RogerBW's Blog

Perl Weekly Challenge 114: Going Higher 27 May 2021

I’ve been doing the Perl Weekly Challenges. The latest involved unconventional solutions to numerical problems. (Note that this is open until 30 May 2021.)

TASK #1 › Next Palindrome Number

You are given a positive integer $N.

Write a script to find out the next Palindrome Number higher than the given integer $N.

So the obvious way would be to start at N+1 and test each number for palindromeness (palindromity?). But instead I wrote a generator for palindromic numbers. (First check the OEIS of course, but there doesn't seem to be a handy one there.)

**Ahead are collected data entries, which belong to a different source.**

lemma card_delay_codebook:
  assumes "R \<le> Mt"
    and "inj_on c {..<R}" and "\<forall>j<R. nu < c j" and "\<forall>j<R. (Mt - 1) * c j + N + nu \<le> T"
  shows "card (delay_codebook Mt T N c R) = 2 ^ (R * N)"
proof -
  let ?enc = "\<lambda>S. delay_code Mt T N c R (\<lambda>j k. of_bool ((j, k) \<in> S))"
  have "inj_on ?enc (Pow ({..<R} \<times> {..<N}))"
  proof (rule inj_onI, rule ccontr)
    fix S S' assume S: "S \<in> Pow ({..<R} \<times> {..<N})" "S' \<in> Pow ({..<R} \<times> {..<N})"
      and eq: "?enc S = ?enc S'" and "S \<noteq> S'"
    have "Theta nu (?enc S') \<in> carrier_mat ((nu + 1) * Mt) T"
      by (rule Theta_carrier[OF delay_code_carrier])
    then have "Theta nu (?enc S) - Theta nu (?enc S') = 0\<^sub>m ((nu + 1) * Mt) T"
      unfolding eq by (rule minus_r_inv_mat)
    then show False
      using rank_Theta_diff_delay_code_sets[OF _ _ \<open>S \<noteq> S'\<close> assms(2-4)] S assms(1) rank_F2_zero
      by simp
  qed
  then show ?thesis
    unfolding delay_codebook_def by (simp add: card_image card_Pow card_cartesian_product)
qed

lemma linear_delays:
  fixes Mt T N nu R :: nat
  assumes "N + nu + (nu + 1) * (Mt - 1) * R \<le> T"
  defines "c \<equiv> \<lambda>j. (nu + 1) * (j + 1)"
  shows "inj_on c {..<R}" and "\<forall>j<R. nu < c j" and "\<forall>j<R. (Mt - 1) * c j + N + nu \<le> T"
proof -
  show "inj_on c {..<R}"
    unfolding c_def by (intro strict_mono_imp_inj_on strict_monoI mult_strict_left_mono) auto
  show "\<forall>j<R. nu < c j" unfolding c_def by simp
  show "\<forall>j<R. (Mt - 1) * c j + N + nu \<le> T"
  proof (intro allI impI)
    fix j assume "j < R"
    then have "(Mt - 1) * c j \<le> (Mt - 1) * ((nu + 1) * R)"
      unfolding c_def by (intro mult_le_mono2) simp
    moreover have "(Mt - 1) * ((nu + 1) * R) = (nu + 1) * (Mt - 1) * R" by (simp only: ac_simps)
    ultimately show "(Mt - 1) * c j + N + nu \<le> T" using assms(1) by linarith
  qed
qed

lemma delays_fit_from_length:
  fixes Mt nu R T :: nat
  assumes "1 \<le> R" and "R \<le> Mt"
    and "int T \<ge> (2 ^ R - 1) * int nu
                 + (2 ^ R - 1) * (int nu + 1) * ((int Mt - 2) * (2 ^ R - 1) + int R)"
  shows "nu + (nu + 1) * (Mt - 1) * R \<le> T"
proof -
  have "int R < 2 ^ R" using less_exp[of R] by (metis of_nat_less_iff of_nat_numeral of_nat_power)
  then have R_le: "int R \<le> 2 ^ R - 1" by linarith
  define Y where "Y = (int Mt - 2) * (2 ^ R - 1) + int R"
  have "(int Mt - 1) * int R \<le> Y"
  proof (cases "Mt = 1")
    case True
    then show ?thesis using assms(1,2) by (simp add: Y_def)
  next
    case False
    then have "(int Mt - 2) * int R \<le> (int Mt - 2) * (2 ^ R - 1)"
      using assms(1,2) R_le by (intro mult_left_mono) auto
    then show ?thesis by (simp add: Y_def algebra_simps)
  qed
  moreover have "0 \<le> (int Mt - 1) * int R" using assms by simp
  ultimately have "(int nu + 1) * ((int Mt - 1) * int R) \<le> (2 ^ R - 1) * ((int nu + 1) * Y)"
    using R_le assms(1) mult_left_mono[of "(int Mt - 1) * int R" Y "int nu + 1"]
      mult_right_mono[of 1 "2 ^ R - 1" "(int nu + 1) * Y"] by simp
  moreover have "int nu \<le> (2 ^ R - 1) * int nu"
    using R_le assms(1) mult_right_mono[of 1 "2 ^ R - 1" "int nu"] by simp
  ultimately have bound: "int nu + (int nu + 1) * ((int Mt - 1) * int R) \<le> int T"
    using assms(3) unfolding Y_def by (simp add: algebra_simps)
  have "int (Mt - 1) = int Mt - 1" using assms(1,2) by simp
  then have "int (nu + (nu + 1) * (Mt - 1) * R) = int nu + (int nu + 1) * ((int Mt - 1) * int R)"
    by (simp only: of_nat_add of_nat_mult of_nat_1 mult.assoc)
  then show ?thesis using bound by linarith
qed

This generator has two modes. In mode 1, it takes an A-digit number and reverses it to generate a 2A-digit number: 123 → 123321. In mode 0, it does the same thing, but without doubling the last digit, to produce a 2A-1-digit number: 123 → 12321. So it starts with an accumulator at 1, in mode 0: that produces just 1..9, all the (trivial) 1-digit palindromes. Then in mode 1 it runs from 1 to 9 again, generating 11..99, all the 2-digit palindromes. Back to mode 0, and 10..99 generates 101..999; then in mode 1 10..99 generates 1001..9999. And so on.

Given the input, we take the first half of its digits (rounding up) and use that to prime the generator. Then run it until we get a (palindromic) number that's higher than the input.

This is easiest in Perl/Raku where you don't really have to care whether a thing is a string or an integer.

sub npn {
  my $n=shift;
  my ($i,$m);

Get the first half of the input, and use it to prime the generator.

  my $l=length($n);
  if ($l % 2 == 0) {
    $i=substr($n,0,$l/2);
    $m=1;
  } else {
    $i=substr($n,0,($l+1)/2);
    $m=0;
  }
  $i--;

Now run the generator repeatedly.

  my $pn=0;
  while ($pn <= $n) {
    my $f=length($i);
    $i++;

This is the fiddliest bit. If the number of digits in i has overflowed, start a new run in a new mode.

    if (length($i) > $f) {
      if ($m==0) {
        $m=1;
        $i=10**($f-1);
      } else {
        $m=0;
        $i=10**$f;
      }
    }

Actually build the palindromic number.

    my $k=reverse($i);
    if ($m==0) {
      $pn=$i . substr($k,1);
    } else {
      $pn=$i . $k;
    }
  }
  return $pn;
}

Other languages have other ways of expressing the idea of converting between strings and integers, and reversing strings, but the code is basically the same.

TASK #2 › Higher Integer Set Bits

You are given a positive integer $N.

Write a script to find the next higher integer having the same number of 1 bits in binary representation as $N.

Again, there's an obvious way to do this: calculate the Hamming weight, and then the weight of each greater integer until you get a matching one. Python even has a bit_count() function, and Perl can do it with unpack (if you have to use unpack this is generally a Bad Sign). But calculating Hamming weight is canonically quite an expensive thing to do, not to mention something I've done before for these challenges, so I took a different approach.

So. Consider the input in its binary representation. At some point there will be at least one occurrence of the pattern "01" (we stick a leading zero on to be sure). We take the rightmost one of those, and change it to "10". This resolves test case #1 (011110).

However, that's not sufficient. Any other digits to the right of that rightmost "01" (some number of 1s, and some number of 0s, in that order, though maybe none of either) get sorted so that the 1s take the lowest values possible. This resolves test case #2: 01100 becomes 10100 as above, then the last three digits are rearranged to make 10001.

sub hisb {
  my $n=shift;

Get the initial binary representation.

  my $s='0'.sprintf('%b',$n);

Search for any leading digits, the rightmost "01", and then any 1s and 0s that might come afterwards.

  $s =~ /^(.*?)01(1*0*)$/;
  my ($a,$c)=($1,$2);

From that trailing matter, extract the 0s and 1s.

  (my $t0=$c) =~ s/1+//g;
  (my $t1=$c) =~ s/0+//g;

We parse a binary string using oct. Because of course we do.

  return oct('0b' . $a . '10' . $t0 . $t1);
}

The other languages differ in just how you convert between integer and string, and how to get the separate 1s and 0s, but the code basically works the same way.

Full code on github.


  1. Posted by Paul Blackwell at 05:47pm on 27 May 2021

    `palindromicity'?

  2. Posted by RogerBW at 03:56pm on 01 June 2021

    For part 1, About half the bloggers did a straightforward search; the rest used some generative system like the one above to reduce the search space.

    Similarly for part 2, really: one can increment and test, or one can build the result directly, and about half the bloggers went for each approach.